Advanced Usage¶
Test Case Merging and Conflicts¶
If the same test case id is present in two different files the fixtures from the two
files will be merged as long as a fixture with the same name is not defined more than
once for any particular test case id. For example, for a test function named
test_foo()
with two data files:
test_case_one:
fixture_one: 17
test_case_one:
fixture_two: 170
The function will be passed two fixtures fixture_one=17
and fixture_two=170
for
a test case with id=test_case_one
.
However, if the fixture names are the same there will be a conflict and the code that merges the test cases will raise an exception.
Loading Values by Reference¶
An additional powerful feature is the ability to load the value for a fixture from another data file. You can have fixture data loaded from another file by setting the fixture value to a specially formatted string. It must be prefixed with two underscores and be of the format:
fixture_name: __<Filename>:<test case id>:<fixture name>
For instance, a data file data_other_check_3.yaml
might reference the data file
data_foo_2.yaml
from the previous section:
check_functionality:
input_data_1: 42
other_data: __data_foo_2.yaml:test_case_one:fixture_two
This would result in two fixture values being sent into the test function,
input_data_1 = 42
and other_data = 170
, for a test case with id =
check_functionality
.
Note
There is nothing preventing an infinite self-referential loop although that is something that should be avoided.
Indirect Parameterization¶
Pytest has a feature called indirect parameterization, where the parameter value is
passed to a fixture function, and the return value of the fixture function is then
passed downstream. You can specify that a fixture should be marked for indirect
parameterization by appending the suffix _indirect
to the fixture name in the data
file. If the data file contains:
test_case_1:
variable_A: 51
variable_B_indirect: 3
test_case_2:
variable_A: 85
variable_B_indirect: 5
the corresponding test code would be:
@pytest.fixture
def variable_B(request):
return request.param * 17
def test_func(variable_A, variable_B):
assert variable_A == variable_B
The values for fixture variable_A
would be passed directly to test_func()
, but
the values for variable_B_indirect
would be passed to the variable_B()
function
and the return value would be passed in as the variable_B
parameter to
test_func()
.
Note
Indirect Parameterization and Autouse Fixtures
If a fixture is set up for indirect parameterization and it is marked as
autouse=True
then every scenario for every test must include a value for
that fixture, even if it is a null value. The reason is that the fixture will be
automatically instantiated, and in the process pytest will call the indirect
function with a fixture request
that should have an attribute param
for the
input value. If that attribute does not exist, the test will raise an exception
before the test starts. Alternatively, you can check for the existence of the
request.param
in the fixture function. If it does not exist, you can then either
return a default value or handle the missing value some other way.
The psf_expected_result Fixture¶
Pytest has a pattern called Parameterized Conditional Raising. This allows the user
to specify either an expected result value or an expected Exception that will
be raised. Either way, you can use the same code in the test function and it will
just work. This fixture allows the user to have either an expected exception (including
a match string or regexp) in the scenario file, or any other expected result value.
An exception gets wrapped in a pytest.raises()
context manager, while any other
value gets wrapped in a nullcontext()
context manager. The test function can then
use a call like:
def test_some_function(psf_expected_result):
with psf_expected_result as expected_result:
assert expected_result == some_function()
The scenario should define an indirectly parameterized fixture with the name
psf_expected_result_indirect
.
If the value in the data file is a dictionary with the key
expected_exception_type
, the fixture will return apytest.raises()
context manager with the exception pre-loaded. Exceptions that are defined in packages or modules should use their full identifier. Any other keys in the dict are passed in topytest.raises()

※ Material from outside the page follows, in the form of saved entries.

(* Algorithm 1 (point-oriented Pareto computation) terminates for any $\varepsilon\geq 0$. Throughout the execution of Algorithm 1, the following properties hold: (i) $\mathbf{t}_{\uparrow}\in \mathscr{C}$. (ii) If $\mathbf{t}\in \mathscr{C}$ then $\mathbf{t}_{\downarrow} = \mathbf{t}$. (iii) $\|\mathbf{t}-\mathbf{t}_{\downarrow}\|\leq \min_{\mathbf{u}\in\mathscr{C}}\|\mathbf{t} -\mathbf{u}\|\leq \|\mathbf{t}-\mathbf{t}_{\uparrow}\|$.
   Context: Setting: agents $I$ and tasks $J$ with $|I|=|J|=n$; each agent $i$ is an MDP $\mathcal{M}_i$ with cost reward structure $\rho_i$, each task $j$ is a DFA $\mathcal{A}_j$ (accepting locations are sinks), and $\mathcal{M}_{i\otimes j}=\mathcal{M}_i[\rho_i]\otimes\mathcal{A}_j$ is the agent-task product MDP with atomic proposition $\mathtt{done}_j$ marking that the task has ended (accepted or trapped). For each $j$, $\rho_{j+n}$ is the reward giving a one-off unit reward when an accepting location is about to be entered for the first time. All $\mathcal{M}_{i\otimes j}[\rho_i]$ are assumed reward-finite w.r.t. reaching $\mathtt{done}_j$. Let $\mathscr{C}_0$ be the set of vectors $(\mathbf{E}^{\mathcal{M}^{\mathsf{ct}}[\rho_k],\mu})_{1\le k\le 2n}$ of expected rewards (until $\mathtt{done}$) over all schedulers $\mu$ of the centralised MDP $\mathcal{M}^{\mathsf{ct}}$ that combines all agent-task MDPs with randomised task assignment; $\mathscr{C}$ is the downward closure of $\mathscr{C}_0$, i.e. the set of feasible cost/probability threshold vectors. The norm is $\|\mathbf{v}\|^2=\mathbf{v}^T\mathbf{M}\mathbf{v}$ for a symmetric positive-definite matrix $\mathbf{M}$; $\|\cdot\|_1$ is the 1-norm; $\mathrm{down}(\Phi)$ is the downward closure of the convex hull of $\Phi$; $\mathbf{w}\cdot\boldsymbol{\rho}$ is the weighted combination of the reward structures $\rho_1,\dots,\rho_{2n}$. Algorithm 1, given a threshold vector $\mathbf{t}\in\mathbb{R}^{2n}$ (costs then probabilities) and $\varepsilon\ge 0$: initialise $\mathbf{t}_{\uparrow}:=-\boldsymbol{\infty}$, $\mathbf{t}_{\downarrow}:=\mathbf{t}$, $\Phi:=\emptyset$, $\Lambda:=\emptyset$, $\mathbf{w}:=(1,0,\ldots,0)$. While $\|\mathbf{t}_{\downarrow}-\mathbf{t}_{\uparrow}\|>\varepsilon$: if $\Phi\ne\emptyset$, set $\mathbf{t}_{\uparrow}$ to the point $\mathbf{x}\in\mathrm{down}(\Phi)$ minimising $\|\mathbf{t}-\mathbf{x}\|$ and $\mathbf{w}:=\mathbf{M}(\mathbf{t}-\mathbf{t}_{\uparrow})/\|\mathbf{M}(\mathbf{t}-\mathbf{t}_{\uparrow})\|_1$; compute $\mathbf{r}$ by Algorithm 2 (below); add $\mathbf{r}$ to $\Phi$ and $(\mathbf{w},\mathbf{r})$ to $\Lambda$; if $\mathbf{w}\cdot\mathbf{r}<\mathbf{w}\cdot\mathbf{t}_{\downarrow}$, set $\mathbf{t}_{\downarrow}$ to the $\mathbf{z}$ minimising $\|\mathbf{t}-\mathbf{z}\|$ subject to $\mathbf{w}'\cdot\mathbf{r}'\ge\mathbf{w}'\cdot\mathbf{z}$ for all $(\mathbf{w}',\mathbf{r}')\in\Lambda$. Algorithm 2, given $\mathbf{w}$: for each $(i,j)$ compute a scheduler $\mu_{i,j}$ maximising $\mathbf{E}^{\mathcal{M}_{i\otimes j}[\mathbf{w}\cdot\boldsymbol{\rho}],\mu}$ and its value $c_{i,j}$; find a bijective assignment $f:J\to I$ maximising $\sum_j c_{f(j),j}$; for each $j$ set $r_{j+n}:=\mathbf{E}^{\mathcal{M}_{f(j)\otimes j}[\rho_{j+n}],\mu_{f(j),j}}$ and $r_{f(j)}:=\mathbf{E}^{\mathcal{M}_{f(j)\otimes j}[\rho_{f(j)}],\mu_{f(j),j}}$; return $\mathbf{r}=(r_k)_{k=1}^{2n}$. *)

theory Defs
  imports "HOL-Probability.Probability"
begin
(* For any query $Q$, $\mathsf{w}(Q)\le\mathsf{w}(\widehat Q)\le\mathsf{w}(Q)+1$, where $\widehat Q$ is the multivariate extension of $Q$.
   Context: A query is a full conjunctive query $Q = R_1(\mathbf X_1)\wedge\cdots\wedge R_k(\mathbf X_k)$. Multivariate extension: take fresh variables $Z_1,\dots,Z_k$. For a permutation $\sigma$ of $[k]$, the component $\widehat Q_\sigma$ replaces each atom $R_{\sigma_i}(\mathbf X_{\sigma_i})$ by $\widehat R_{\sigma_i}(Z_1,\dots,Z_i,\mathbf X_{\sigma_i})$; $\widehat Q$ is the union of all components. Fractional hypertree width $\mathsf{w}(P)$ of a query $P$: minimum over tree decompositions of $P$ (trees with bags of variables covering every atom schema, the bags containing any variable forming a connected subtree) of the maximum over bags $B$ of the fractional edge cover number of $P$ restricted to $B$ (each atom schema intersected with $B$). For a union of queries, $\mathsf{w}$ is the maximum over the queries. *)

theory Defs
  imports "HOL-Analysis.Analysis" "HOL-Combinatorics.Permutations"
begin

type_synonym ('r, 'v) query = "('r \<times> 'v list) list"

definition schema :: "'r \<times> 'v list \<Rightarrow> 'v set" where
  "schema a = set (snd a)"

definition qvars :: "('r, 'v) query \<Rightarrow> 'v set" where
  "qvars Q = (\<Union>a\<in>set Q. schema a)"

definition connected_in :: "nat set set \<Rightarrow> nat set \<Rightarrow> bool" where
  "connected_in E S \<longleftrightarrow>
     (\<forall>a\<in>S. \<forall>b\<in>S. (a, b) \<in> {(x, y). {x, y} \<in> E \<and> x \<in> S \<and> y \<in> S}\<^sup>*)"

definition is_tree :: "nat set \<Rightarrow> nat set set \<Rightarrow> bool" where
  "is_tree N E \<longleftrightarrow> finite N \<and> N \<noteq> {} \<and>
     E \<subseteq> {{a, b} | a b. a \<in> N \<and> b \<in> N \<and> a \<noteq> b} \<and>
     connected_in E N \<and> card E + 1 = card N"

definition tree_decomp ::
  "('r, 'v) query \<Rightarrow> nat set \<Rightarrow> nat set set \<Rightarrow> (nat \<Rightarrow> 'v set) \<Rightarrow> bool" where
  "tree_decomp Q N E bag \<longleftrightarrow> is_tree N E \<and>
     (\<forall>n\<in>N. bag n \<subseteq> qvars Q) \<and>
     (\<forall>a\<in>set Q. \<exists>n\<in>N. schema a \<subseteq> bag n) \<and>
     (\<forall>x. connected_in E {n \<in> N. x \<in> bag n})"

definition fec :: "('r, 'v) query \<Rightarrow> 'v set \<Rightarrow> real" where
  "fec Q B = Inf {(\<Sum>j<length Q. w j) | w :: nat \<Rightarrow> real.
      (\<forall>j<length Q. 0 \<le> w j) \<and>
      (\<forall>x\<in>B. (\<Sum>j\<in>{j. j < length Q \<and> x \<in> schema (Q ! j) \<inter> B}. w j) \<ge> 1)}"

definition fhw :: "('r, 'v) query \<Rightarrow> real" where
  "fhw Q = Inf {Max ((\<lambda>n. fec Q (bag n)) ` N) | N E bag. tree_decomp Q N E bag}"

definition fhw_union :: "('r, 'v) query set \<Rightarrow> real" where
  "fhw_union U = Max (fhw ` U)"

text \<open>Multivariate extension. Original variables are Inl x; the fresh variable
  Z_j is Inr j (j = 1..k). Atoms of Q are indexed 0..k-1, permutations of {0..<k}.\<close>

datatype 'r hat_rel = Hat 'r

definition mv_component ::
  "('r, 'v) query \<Rightarrow> (nat \<Rightarrow> nat) \<Rightarrow> ('r hat_rel, 'v + nat) query" where
  "mv_component Q \<sigma> =
     map (\<lambda>i. (Hat (fst (Q ! \<sigma> i)),
               map Inr [1..<i + 2] @ map Inl (snd (Q ! \<sigma> i))))
         [0..<length Q]"

definition mv_extension :: "('r, 'v) query \<Rightarrow> ('r hat_rel, 'v + nat) query set" where
  "mv_extension Q = {mv_component Q \<sigma> | \<sigma>. \<sigma> permutes {..<length Q}}"

end

theory Submission
  imports Defs
begin

text \<open>Up to the fresh variables \<open>Z\<^sub>i\<close>, every component \<open>Q\<^sub>\<sigma>\<close> is \<open>Q\<close> with its atoms
  reordered, which changes neither fractional edge covers nor tree decompositions. Deleting the
  \<open>Z\<^sub>i\<close> from the bags of a tree decomposition of \<open>Q\<^sub>\<sigma>\<close> gives one of \<open>Q\<close>, and every fractional
  edge cover of a bag of \<open>Q\<^sub>\<sigma>\<close> restricts to one of the smaller bag of \<open>Q\<close> of the same weight;
  hence \<open>w(Q) \<le> w(Q\<^sub>\<sigma>)\<close>. Conversely, adding all of \<open>Z\<^sub>1, \<dots>, Z\<^sub>k\<close> to every bag of a tree
  decomposition of \<open>Q\<close> gives one of \<open>Q\<^sub>\<sigma>\<close>, and since the last atom of \<open>Q\<^sub>\<sigma>\<close> contains all
  \<open>Z\<^sub>i\<close>, raising its weight by one extends a fractional edge cover of a bag of \<open>Q\<close> to the
  enlarged bag; hence \<open>w(Q\<^sub>\<sigma>) \<le> w(Q) + 1\<close>.\<close>

lemma qvars_conv_nth: "qvars P = (\<Union>i<length P. schema (P ! i))"
  unfolding qvars_def set_conv_nth by blast

definition fractional_edge_cover :: "('r, 'v) query \<Rightarrow> 'v set \<Rightarrow> (nat \<Rightarrow> real) \<Rightarrow> bool" where
  "fractional_edge_cover P B w \<longleftrightarrow> (\<forall>j<length P. 0 \<le> w j) \<and>
     (\<forall>x\<in>B. 1 \<le> (\<Sum>j | j < length P \<and> x \<in> schema (P ! j) \<inter> B. w j))"

lemma fec_eq_Inf: "fec P B = Inf {(\<Sum>j<length P. w j) | w. fractional_edge_cover P B w}"
  by (simp add: fec_def fractional_edge_cover_def)

lemma fec_le_sum: "fractional_edge_cover P B w \<Longrightarrow> fec P B \<le> (\<Sum>j<length P. w j)"
  unfolding fec_eq_Inf
  by (rule cInf_lower, blast, rule bdd_belowI[of _ 0])
     (auto simp: fractional_edge_cover_def intro!: sum_nonneg)

lemma fractional_edge_cover_one:
  assumes "B \<subseteq> qvars P"
  shows "fractional_edge_cover P B (\<lambda>_. 1)"
  unfolding fractional_edge_cover_def
proof (intro conjI allI impI ballI)
  fix x assume "x \<in> B"
  then obtain i where i: "i < length P" "x \<in> schema (P ! i)"
    using assms by (auto simp: qvars_conv_nth)
  have "(1::real) = (\<Sum>j\<in>{i}. 1)" by simp
  also have "\<dots> \<le> (\<Sum>j | j < length P \<and> x \<in> schema (P ! j) \<inter> B. 1)"
    using i \<open>x \<in> B\<close> by (intro sum_mono2) auto
  finally show "1 \<le> (\<Sum>j | j < length P \<and> x \<in> schema (P ! j) \<inter> B. 1::real)" .
qed simp

(* Without B \<subseteq> qvars P there may be no cover at all, and fec P B is the junk value Inf {}. *)
lemma fec_greatest:
  assumes "B \<subseteq> qvars P" "\<And>w. fractional_edge_cover P B w \<Longrightarrow> c \<le> (\<Sum>j<length P. w j)"
  shows "c \<le> fec P B"
  unfolding fec_eq_Inf
  using fractional_edge_cover_one[OF assms(1)] assms(2) by (intro cInf_greatest) blast+

lemma fec_nonneg: "B \<subseteq> qvars P \<Longrightarrow> 0 \<le> fec P B"
  by (rule fec_greatest) (auto simp: fractional_edge_cover_def intro!: sum_nonneg)

lemma fractional_edge_cover_permute_list:
  assumes \<sigma>: "\<sigma> permutes {..<length P}"
  shows "fractional_edge_cover (permute_list \<sigma> P) B (w \<circ> \<sigma>) \<longleftrightarrow> fractional_edge_cover P B w"
proof -
  let ?S = "\<lambda>x. {j. j < length P \<and> x \<in> schema (P ! \<sigma> j)}"
  let ?T = "\<lambda>x. {j. j < length P \<and> x \<in> schema (P ! j)}"
  have "bij_betw \<sigma> (?S x) (?T x)" for x
    by (rule bij_betw_subset[OF permutes_imp_bij[OF \<sigma>]])
      (use permutes_in_image[OF \<sigma>] permutes_in_image[OF permutes_inv[OF \<sigma>]]
             permutes_inverses(1)[OF \<sigma>] in \<open>auto simp: image_iff\<close>, metis)
  then have "(\<Sum>j\<in>?S x. w (\<sigma> j)) = (\<Sum>j\<in>?T x. w j)" for x
    by (rule sum.reindex_bij_betw)
  moreover have "(\<forall>j<length P. 0 \<le> w (\<sigma> j)) \<longleftrightarrow> (\<forall>j<length P. 0 \<le> w j)"
    using permutes_in_image[OF \<sigma>] permutes_surj[OF \<sigma>] by (metis lessThan_iff surj_def)
  ultimately show ?thesis
    by (simp add: fractional_edge_cover_def permute_list_nth[OF \<sigma>] cong: conj_cong)
qed

lemma fec_permute_list:
  assumes \<sigma>: "\<sigma> permutes {..<length P}"
  shows "fec (permute_list \<sigma> P) B = fec P B"
proof -
  have sum_comp: "(\<Sum>j<length P. (w \<circ> \<sigma>) j) = (\<Sum>j<length P. w j)" for w :: "nat \<Rightarrow> real"
    using sum.permute[OF \<sigma>, of w] by simp
  have inv_comp: "(v \<circ> inv \<sigma>) \<circ> \<sigma> = v" for v :: "nat \<Rightarrow> real"
    using permutes_inverses(2)[OF \<sigma>] by (simp add: comp_def)
  have "{(\<Sum>j<length P. v j) | v. fractional_edge_cover (permute_list \<sigma> P) B v}
      = {(\<Sum>j<length P. w j) | w. fractional_edge_cover P B w}"
  proof (intro equalityI subsetI; elim CollectE exE conjE)
    fix s v assume "s = (\<Sum>j<length P. v j)" "fractional_edge_cover (permute_list \<sigma> P) B v"
    then show "s \<in> {(\<Sum>j<length P. w j) | w. fractional_edge_cover P B w}"
      using fractional_edge_cover_permute_list[OF \<sigma>, of B "v \<circ> inv \<sigma>"]
        sum_comp[of "v \<circ> inv \<sigma>"]
      unfolding inv_comp by blast
  next
    fix s w assume "s = (\<Sum>j<length P. w j)" "fractional_edge_cover P B w"
    then show "s \<in> {(\<Sum>j<length P. v j) | v. fractional_edge_cover (permute_list \<sigma> P) B v}"
      using fractional_edge_cover_permute_list[OF \<sigma>, of B w] sum_comp[of w]
      by (intro CollectI exI[of _ "w \<circ> \<sigma>"]) simp
  qed
  then show ?thesis
    by (simp add: fec_eq_Inf)
qed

as arguments. In particular, thematch
argument is used to match against the message of the exception.If the value in the data file is a dictionary that does not contain the key
expected_exception_type
, or if the value is not a dictionary, the value will be returned wrapped in anullcontext()

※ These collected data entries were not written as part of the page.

lemma L_empty: "L {} = mps_one"
proof -
  have "mps_zero_vars {} (L {}) = L {}"
    by (simp add: mps_zero_vars_def fun_eq_iff)
  moreover have "mps_zero_vars (cross_vars {} {}) (L {}) = mps_mult (L {}) (L {})"
    by (rule L_factor) auto
  ultimately have "mps_mult (L {}) (L {}) = mps_mult (L {}) mps_one"
    by (simp add: cross_vars_empty mps_mult_one_right)
  with L_const_nonzero[OF empty_subsetI] show ?thesis
    by (rule mps_mult_cancel_left)
qed

lemma Lt_empty: "Lt {} = mps_one"
proof -
  have "mps_inverse mps_one = (mps_one :: 'a set mps)"
    using mps_mult_inverse[of mps_one] by (simp add: mps_one_def mps_mult_one_left)
  moreover have "Lt {} = mps_div (L {}) (mps_prod {} Lt)"
    using Lt_eq[of "{}"] by simp
  ultimately show ?thesis
    by (simp add: L_empty mps_prod_empty mps_div_def mps_mult_one_left)
qed

lemma Lt_eq_mult_inverse:
  "S \<subseteq> B \<Longrightarrow> Lt S = mps_mult (L S) (mps_inverse (mps_prod_fin.F Lt {C. C \<subset> S}))"
  using Lt_eq finite_psubsets by (simp add: mps_div_def mps_prod_eq_prod_fin)

lemma L_eq_prod_Lt:
  assumes S: "S \<subseteq> B" and nonzero: "\<And>C. C \<subset> S \<Longrightarrow> Lt C 0 \<noteq> 0"
  shows "L S = mps_prod_fin.F Lt (Pow S)"
proof -
  let ?P = "mps_prod_fin.F Lt {C. C \<subset> S}"
  have "?P 0 \<noteq> 0"
    using finite_psubsets[OF S] nonzero by (simp add: mps_prod_fin_at_0)
  have "Pow S = insert S {C. C \<subset> S}"
    by auto
  then have "mps_prod_fin.F Lt (Pow S) = mps_mult (Lt S) ?P"
    using finite_psubsets[OF S] by simp
  also have "\<dots> = mps_mult (L S) (mps_mult ?P (mps_inverse ?P))"
    unfolding Lt_eq_mult_inverse[OF S] by (simp only: mps_mult_ac)
  also have "\<dots> = L S"
    using mps_mult_inverse[of ?P, OF \<open>?P 0 \<noteq> 0\<close>] by (simp add: mps_mult_one_right)
  finally show ?thesis ..
qed

lemma Lt_const_nonzero_step:
  assumes S: "S \<subseteq> B" and nonzero: "\<And>C. C \<subset> S \<Longrightarrow> Lt C 0 \<noteq> 0"
  shows "Lt S 0 \<noteq> 0"
proof -
  let ?P = "mps_prod_fin.F Lt {C. C \<subset> S}"
  have P0: "?P 0 \<noteq> 0"
    using finite_psubsets[OF S] nonzero by (simp add: mps_prod_fin_at_0)
  have "?P 0 * mps_inverse ?P 0 = 1"
    using fun_cong[OF mps_mult_inverse[of ?P, OF P0], of 0] by (simp add: mps_mult_at_0 mps_one_def)
  then have "mps_inverse ?P 0 \<noteq> 0"
    by auto
  then show ?thesis
    using L_const_nonzero[OF S] by (simp add: Lt_eq_mult_inverse[OF S] mps_mult_at_0)
qed
(* Let $m\ge1$, $n\in\mathbb{Z}$, and let $B=(b_0,\ldots,b_{m-1})$ and $T=(t_0,\ldots,t_{m-1})$ be sequences of integers with $\sum_i b_i\ge n$ and $\sum_i t_i=n+m-1$. Then for every $l\in\{1,\ldots,m\}$ there exists $i\in\{0,\ldots,m-1\}$ such that for every $l'\in\{1,\ldots,l\}$, $$\sum_{j=i}^{i+l'-1}b_j\ge 1-l'+\sum_{j=i}^{i+l'-1}t_j.$$
   Context: Indices of $B$ and $T$ are taken modulo $m$ (ring arrangement). *)

theory Defs
  imports Main
begin

end

theory Submission
  imports Defs
begin

text \<open>Put \<open>c j = b j - t j + 1\<close>; the hypotheses say that \<open>c\<close> has total sum at least \<open>1\<close>
  over one period. Extend the prefix sums \<open>P k = c 0 + \<dots> + c (k - 1)\<close> (indices mod \<open>m\<close>)
  periodically: \<open>P (k + m) = P k + P m\<close> with \<open>P m > 0\<close>. Starting the window at the last
  position \<open>i < m\<close> where \<open>P\<close> attains its minimum over one period, every later
  \<open>P k\<close> with \<open>k \<le> i + m\<close> is strictly larger, i.e. every window sum starting at \<open>i\<close>
  of length at most \<open>m\<close> is positive.\<close>

lemma sum_mod_lessThan_add_period:
  fixes f :: "nat \<Rightarrow> 'a::comm_monoid_add"
  shows "(\<Sum>j<k + m. f (j mod m)) = (\<Sum>j<k. f (j mod m)) + (\<Sum>j<m. f j)"
proof (induction k)
  case 0
  show ?case
    by (auto intro: sum.cong)
next
  case (Suc k)
  have "(\<Sum>j<Suc k + m. f (j mod m)) = (\<Sum>j<k + m. f (j mod m)) + f (k mod m)"
    by simp
  also have "\<dots> = (\<Sum>j<Suc k. f (j mod m)) + (\<Sum>j<m. f j)"
    by (simp add: Suc.IH add.assoc add.commute add.left_commute)
  finally show ?case .
qed

lemma ex_last_argmin_lessThan:
  fixes f :: "nat \<Rightarrow> 'a::linorder"
  assumes "0 < m"
  shows "\<exists>i<m. (\<forall>k<m. f i \<le> f k) \<and> (\<forall>k. i < k \<longrightarrow> k < m \<longrightarrow> f i < f k)"
proof -
  define I where "I = {i. i < m \<and> (\<forall>k<m. f i \<le> f k)}"
  have "Min (f ` {..<m}) \<in> f ` {..<m}"
    using assms by (intro Min_in) auto
  then obtain i0 where "i0 < m" and "f i0 = Min (f ` {..<m})"
    by auto
  then have "i0 \<in> I"
    by (simp add: I_def)
  moreover have "finite I"
    unfolding I_def by auto
  ultimately have "Max I \<in> I"
    by (intro Max_in) auto
  then have "Max I < m" and min: "\<forall>k<m. f (Max I) \<le> f k"
    by (auto simp: I_def)
  moreover have "f (Max I) < f k" if "Max I < k" "k < m" for k
  proof (rule ccontr)
    assume "\<not> f (Max I) < f k"
    with min that have "k \<in> I"
      by (auto simp: I_def intro: order_trans)
    with \<open>finite I\<close> have "k \<le> Max I"
      by (rule Max_ge)
    with \<open>Max I < k\<close> show False
      by simp
  qed
  ultimately show ?thesis
    by blast
qed

lemma cycle_lemma:
  fixes c :: "nat \<Rightarrow> 'a::linordered_ab_group_add"
  assumes "0 < m" and "(\<Sum>j<m. c j) > 0"
  shows "\<exists>i<m. \<forall>l\<in>{1..m}. (\<Sum>j=i..<i+l. c (j mod m)) > 0"
proof -
  define P where "P k = (\<Sum>j<k. c (j mod m))" for k
  have window: "P (i + l) = P i + (\<Sum>j=i..<i+l. c (j mod m))" for i l
    unfolding P_def lessThan_atLeast0 by (rule sum.atLeastLessThan_concat[symmetric]) simp_all
  obtain i where "i < m" and min: "\<And>k. k < m \<Longrightarrow> P i \<le> P k"
    and last: "\<And>k. i < k \<Longrightarrow> k < m \<Longrightarrow> P i < P k"
    using ex_last_argmin_lessThan[OF assms(1), of P] by blast
  have later: "P i < P k" if "i < k" "k \<le> i + m" for k
  proof (cases "k < m")
    case True
    with that show ?thesis
      by (simp add: last)
  next
    case False
    define r where "r = k - m"
    have "k = r + m" and "r < m"
      using False that \<open>i < m\<close> unfolding r_def by linarith+
    then have "P k = P r + (\<Sum>j<m. c j)"
      unfolding P_def by (simp add: sum_mod_lessThan_add_period)
    then have "P r < P k"
      using assms(2) by simp
    with min[OF \<open>r < m\<close>] show ?thesis
      by (rule order.strict_trans1)
  qed
  have "(\<Sum>j=i..<i+l. c (j mod m)) > 0" if "l \<in> {1..m}" for l
    using later[of "i + l"] that by (simp add: window)
  with \<open>i < m\<close> show ?thesis
    by blast
qed

theorem mainTheorem7:
  fixes m :: nat and n :: int and b t :: "nat \<Rightarrow> int"
  assumes "m \<ge> 1"
    and "(\<Sum>i<m. b i) \<ge> n"
    and "(\<Sum>i<m. t i) = n + int m - 1"
  shows "\<forall>l\<in>{1..m}. \<exists>i<m. \<forall>l'\<in>{1..l}.
           (\<Sum>j=i..i+l'-1. b (j mod m)) \<ge> 1 - int l' + (\<Sum>j=i..i+l'-1. t (j mod m))"
proof -
  define c where "c j = b j - t j + 1" for j
  have "(\<Sum>j<m. c j) > 0"
    using assms(2,3) by (simp add: c_def sum.distrib sum_subtractf)
  then obtain i where "i < m" and pos: "\<And>l. l \<in> {1..m} \<Longrightarrow> (\<Sum>j=i..<i+l. c (j mod m)) > 0"
    using cycle_lemma[of m c] assms(1) by auto
  have "(\<Sum>j=i..i+l-1. b (j mod m)) \<ge> 1 - int l + (\<Sum>j=i..i+l-1. t (j mod m))"
    if "l \<in> {1..m}" for l
  proof -
    have "{i..i+l-1} = {i..<i+l}"
      using that by auto
    with pos[OF that] show ?thesis
      by (simp add: c_def sum.distrib sum_subtractf)
  qed
  with \<open>i < m\<close> show ?thesis
    by fastforce
qed

end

context manager and your test function can use it normally.
For a scenario where you expect to get an HTTP 403 error you might set up the expected result to look for a Requests HTTPError exception:
failure_scenario_1:
psf_expected_result_indirect:
expected_exception_type: requests.HTTPError
match: Authorization failure
On the other hand, for a scenario where you expect a success and want to check
the value returned against a string you set psf_expected_result_indirect
to that string value:
success_scenario_1:
psf_expected_result_indirect: This is a result string.
This fixture is very useful in conjunction with the Responses integration.